Qore jni Module 2.6.0
Loading...
Searching...
No Matches

Introduction to the WordDataProvider Module

The WordDataProvider module provides a data provider API for reading and writing Microsoft Word documents through the DataProvider API. It supports the modern .docx format (Word 2007+) using Apache POI's XWPF library.

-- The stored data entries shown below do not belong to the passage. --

(* Let $\mathcal L,\mathcal L'\in\mathfrak o$ and $\beta\in{}_{\mathcal L'}\underline W_{\mathcal L}$. (1) If $\gamma\in{}_{\mathcal L''}\underline W_{\mathcal L'}$, left multiplication by $w^\gamma$ is an isomorphism of posets $(\beta,\le_\beta)\xrightarrow{\sim}(\gamma\beta,\le_{\gamma\beta})$. (2) If $\delta\in{}_{\mathcal L}\underline W_{\mathcal L''}$, right multiplication by $w^\delta$ is an isomorphism of posets $(\beta,\le_\beta)\xrightarrow{\sim}(\beta\delta,\le_{\beta\delta})$. (3) For $w,w'\in\beta$, if $w'\le_\beta w$ then $w'\le w$ in the Bruhat order of $W$.
   Context: $G$ is a connected split reductive group over a finite field, $B\supset T$ a Borel subgroup and split maximal torus, $\Phi^+$ the positive roots, $W=N_G(T)/T$ with simple reflections determined by $B$ and Bruhat order $\le$. $\mathrm{Ch}(T)$: rank-one character sheaves on $T$, with $W$-action $w\mathcal L=(w^{-1})^*\mathcal L$; $\mathfrak o$ a $W$-orbit, $\mathcal L,\mathcal L',\mathcal L''\in\mathfrak o$. $W^\circ_{\mathcal L}$ is the subgroup generated by reflections $r_\alpha$ for roots $\alpha$ with $(\alpha^\vee)^*\mathcal L$ trivial on $\mathbb G_m$; it is a Coxeter group with simple reflections given by the simple roots of $\Phi_{\mathcal L}\cap\Phi^+$, with its own Bruhat order $\le_{W^\circ_{\mathcal L}}$. ${}_{\mathcal L'}W_{\mathcal L}=\{w:w\mathcal L=\mathcal L'\}$; blocks are elements of ${}_{\mathcal L'}\underline W_{\mathcal L}={}_{\mathcal L'}W_{\mathcal L}/W^\circ_{\mathcal L}$, with product $\gamma\beta=\{w_1w_2:w_1\in\gamma,w_2\in\beta\}$. Each block $\beta$ has a unique Bruhat-minimal element $w^\beta$ and every element of $\beta$ is uniquely $w^\beta x$, $x\in W^\circ_{\mathcal L}$. The partial order $\le_\beta$ on $\beta$: $w^\beta x'\le_\beta w^\beta x$ iff $x'\le_{W^\circ_{\mathcal L}}x$. *)

theory Defs
  imports Complex_Main "HOL-Computational_Algebra.Primes"
begin

text \<open>Lattices X^*(T), X_*(T) of a split torus of rank CARD('n), both modelled as 'n => int.
 Elements of W = N(T)/T are modelled by their (faithful) action on the cocharacter lattice.\<close>

type_synonym 'n lat = "'n \<Rightarrow> int"
type_synonym 'n wel = "'n lat \<Rightarrow> 'n lat"

definition pair :: "'n::finite lat \<Rightarrow> 'n lat \<Rightarrow> int" where
  "pair l x = (\<Sum>i\<in>UNIV. l i * x i)"

definition refl_ch :: "'n::finite lat \<Rightarrow> 'n lat \<Rightarrow> 'n lat \<Rightarrow> 'n lat" where
  "refl_ch a ac l = (\<lambda>i. l i - pair l ac * a i)"

definition refl_coch :: "'n::finite lat \<Rightarrow> 'n lat \<Rightarrow> 'n lat \<Rightarrow> 'n lat" where
  "refl_coch a ac x = (\<lambda>i. x i - pair a x * ac i)"

text \<open>Root datum (Springer 7.4.1): roots Phi in X^*, coroot bijection cor onto Phi^vee in X_*.\<close>
definition root_datum :: "'n::finite lat set \<Rightarrow> ('n lat \<Rightarrow> 'n lat) \<Rightarrow> bool" where
  "root_datum Phi cor \<longleftrightarrow> finite Phi \<and> inj_on cor Phi \<and>
     (\<forall>a\<in>Phi. pair a (cor a) = 2 \<and> refl_ch a (cor a) ` Phi \<subseteq> Phi
               \<and> refl_coch a (cor a) ` (cor ` Phi) \<subseteq> cor ` Phi)"

definition reduced_rd :: "'n::finite lat set \<Rightarrow> bool" where
  "reduced_rd Phi \<longleftrightarrow> (\<forall>a\<in>Phi. (\<lambda>i. 2 * a i) \<notin> Phi)"

text \<open>Positive system (= Borel subgroup containing T): roots positive for a regular real functional.\<close>
definition positive_system :: "'n::finite lat set \<Rightarrow> 'n lat set \<Rightarrow> bool" where
  "positive_system Phi P \<longleftrightarrow> (\<exists>f::'n \<Rightarrow> real.
      (\<forall>a\<in>Phi. (\<Sum>i\<in>UNIV. f i * of_int (a i)) \<noteq> 0) \<and>
      P = {a\<in>Phi. (\<Sum>i\<in>UNIV. f i * of_int (a i)) > 0})"

definition simple_roots :: "'n lat set \<Rightarrow> 'n lat set" where
  "simple_roots P = {a\<in>P. \<not> (\<exists>b\<in>P. \<exists>c\<in>P. a = (\<lambda>i. b i + c i))}"

definition rrefl :: "('n::finite lat \<Rightarrow> 'n lat) \<Rightarrow> 'n lat \<Rightarrow> 'n wel" where
  "rrefl cor a = refl_coch a (cor a)"

text \<open>Subgroup generated by a set of involutions (finite group: generated monoid).\<close>
inductive_set gen :: "'n wel set \<Rightarrow> 'n wel set" for S where
  gen_id: "id \<in> gen S"
| gen_step: "s \<in> S \<Longrightarrow> w \<in> gen S \<Longrightarrow> s \<circ> w \<in> gen S"

definition clen :: "'n wel set \<Rightarrow> 'n wel \<Rightarrow> nat" where
  "clen S w = (LEAST k. \<exists>ws. length ws = k \<and> set ws \<subseteq> S \<and> foldr (\<circ>) ws id = w)"

definition crefls :: "'n wel set \<Rightarrow> 'n wel set \<Rightarrow> 'n wel set" where
  "crefls S G = {g \<circ> s \<circ> g' | g s g'. g \<in> G \<and> g' \<in> G \<and> g' \<circ> g = id \<and> s \<in> S}"

definition bruhat :: "'n wel set \<Rightarrow> 'n wel set \<Rightarrow> 'n wel \<Rightarrow> 'n wel \<Rightarrow> bool" where
  "bruhat S G u w \<longleftrightarrow> u \<in> G \<and> w \<in> G \<and>
     (\<lambda>a b. \<exists>t\<in>crefls S G. b = a \<circ> t \<and> clen S a < clen S b)\<^sup>*\<^sup>* u w"

definition Wgrp :: "'n::finite lat set \<Rightarrow> ('n lat \<Rightarrow> 'n lat) \<Rightarrow> 'n wel set" where
  "Wgrp Phi cor = gen {rrefl cor a | a. a \<in> Phi}"

definition Wsimple :: "('n::finite lat \<Rightarrow> 'n lat) \<Rightarrow> 'n lat set \<Rightarrow> 'n wel set" where
  "Wsimple cor P = {rrefl cor a | a. a \<in> simple_roots P}"

text \<open>Rank-one (tame) character sheaves on T_{F_q-bar}, p = char F_q: homomorphisms
  X_*(T) -> mu_{p'} (roots of unity of order prime to p), coefficients identified with C.\<close>
definition tame_char :: "nat \<Rightarrow> ('n lat \<Rightarrow> complex) \<Rightarrow> bool" where
  "tame_char p L \<longleftrightarrow> (\<forall>x y. L (\<lambda>i. x i + y i) = L x * L y) \<and>
      (\<forall>x. \<exists>m::nat. m > 0 \<and> coprime m p \<and> L x ^ m = 1)"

The following classes are provided by this module:

Reading Word Documents

Reading Paragraphs

%requires WordDataProvider
# Read paragraphs from a file path
WordReadDataProvider dp("document.docx", {"content_type": "paragraphs"});
list<hash<auto>> paragraphs = map $1, dp.searchRecords();
# Each record has:
# - "text": The paragraph text content
# - "style": The paragraph style (e.g., "Normal", "Heading1")

Reading Tables

%requires WordDataProvider
# Read table data from a document
WordReadDataProvider dp("document.docx", {
"content_type": "table",
"table_index": 0, # First table (0-based index)
"header_row": True, # First row contains headers
});
list<hash<auto>> rows = map $1, dp.searchRecords();
# Read with explicit headers
WordReadDataProvider dp2("document.docx", {
"content_type": "table",
"headers": ("Name", "Department", "Salary"),
});

Read Options

  • path: Path to the Word document
  • stream: Input stream for Word data
  • data: Binary Word document data
  • content_type: "paragraphs" (default) or "table"
  • table_index: Index of table to read (0-based, for table mode)
  • header_row: If True, first row of table contains headers
  • headers: List of header names to use

Writing Word Documents

Writing Paragraphs

%requires WordDataProvider
# Write paragraphs to a file
WordWriteDataProvider dp("output.docx", {
"content_type": "paragraphs",
"title": "My Document",
});
dp.createRecord({"text": "First paragraph content", "style": "Normal"});
dp.createRecord({"text": "Section Heading", "style": "Heading1"});
dp.createRecord({"text": "More content here.", "style": "Normal"});
dp.commit(); # Write the file

Writing Tables

%requires WordDataProvider
# Write table data to a file
WordWriteDataProvider dp("output.docx", {
"content_type": "table",
"headers": ("Name", "Department", "Salary"),
"title": "Employee Directory",
});
dp.createRecord({"Name": "Alice Smith", "Department": "Engineering", "Salary": "75000"});
dp.createRecord({"Name": "Bob Johnson", "Department": "Marketing", "Salary": "65000"});
dp.commit(); # Write the file

Writing to Binary

%requires WordDataProvider
# Create document in memory
WordWriteDataProvider dp({
"content_type": "paragraphs",
"title": "In-Memory Document",
});
dp.createRecord({"text": "Some content"});
# Get binary data instead of writing to file
binary data = dp.getData();

Write Options

  • path: Output file path
  • stream: Output stream
  • content_type: "paragraphs" (default) or "table"
  • headers: List of column headers (for table mode)
  • title: Optional document title (added as Heading1)

Paragraph Styles

When writing paragraphs, the following style names are supported:

  • "Normal": Regular paragraph text
  • "Heading1": Main heading (bold, 16pt)
  • "Heading2": Secondary heading (bold, 14pt)
  • "Heading3": Tertiary heading (bold, 12pt)

Error Handling

Common exceptions:

  • WORD-READ-OPTION-ERROR: Invalid read options or option conflicts
  • WORD-WRITE-OPTION-ERROR: Invalid write options or option conflicts

Release Notes

WordDataProvider v1.0

  • initial release of the module
  • support for reading Word documents (.docx format)
  • support for writing Word documents (.docx format)
  • paragraph and table read/write modes
  • header row detection for tables
  • binary data input/output support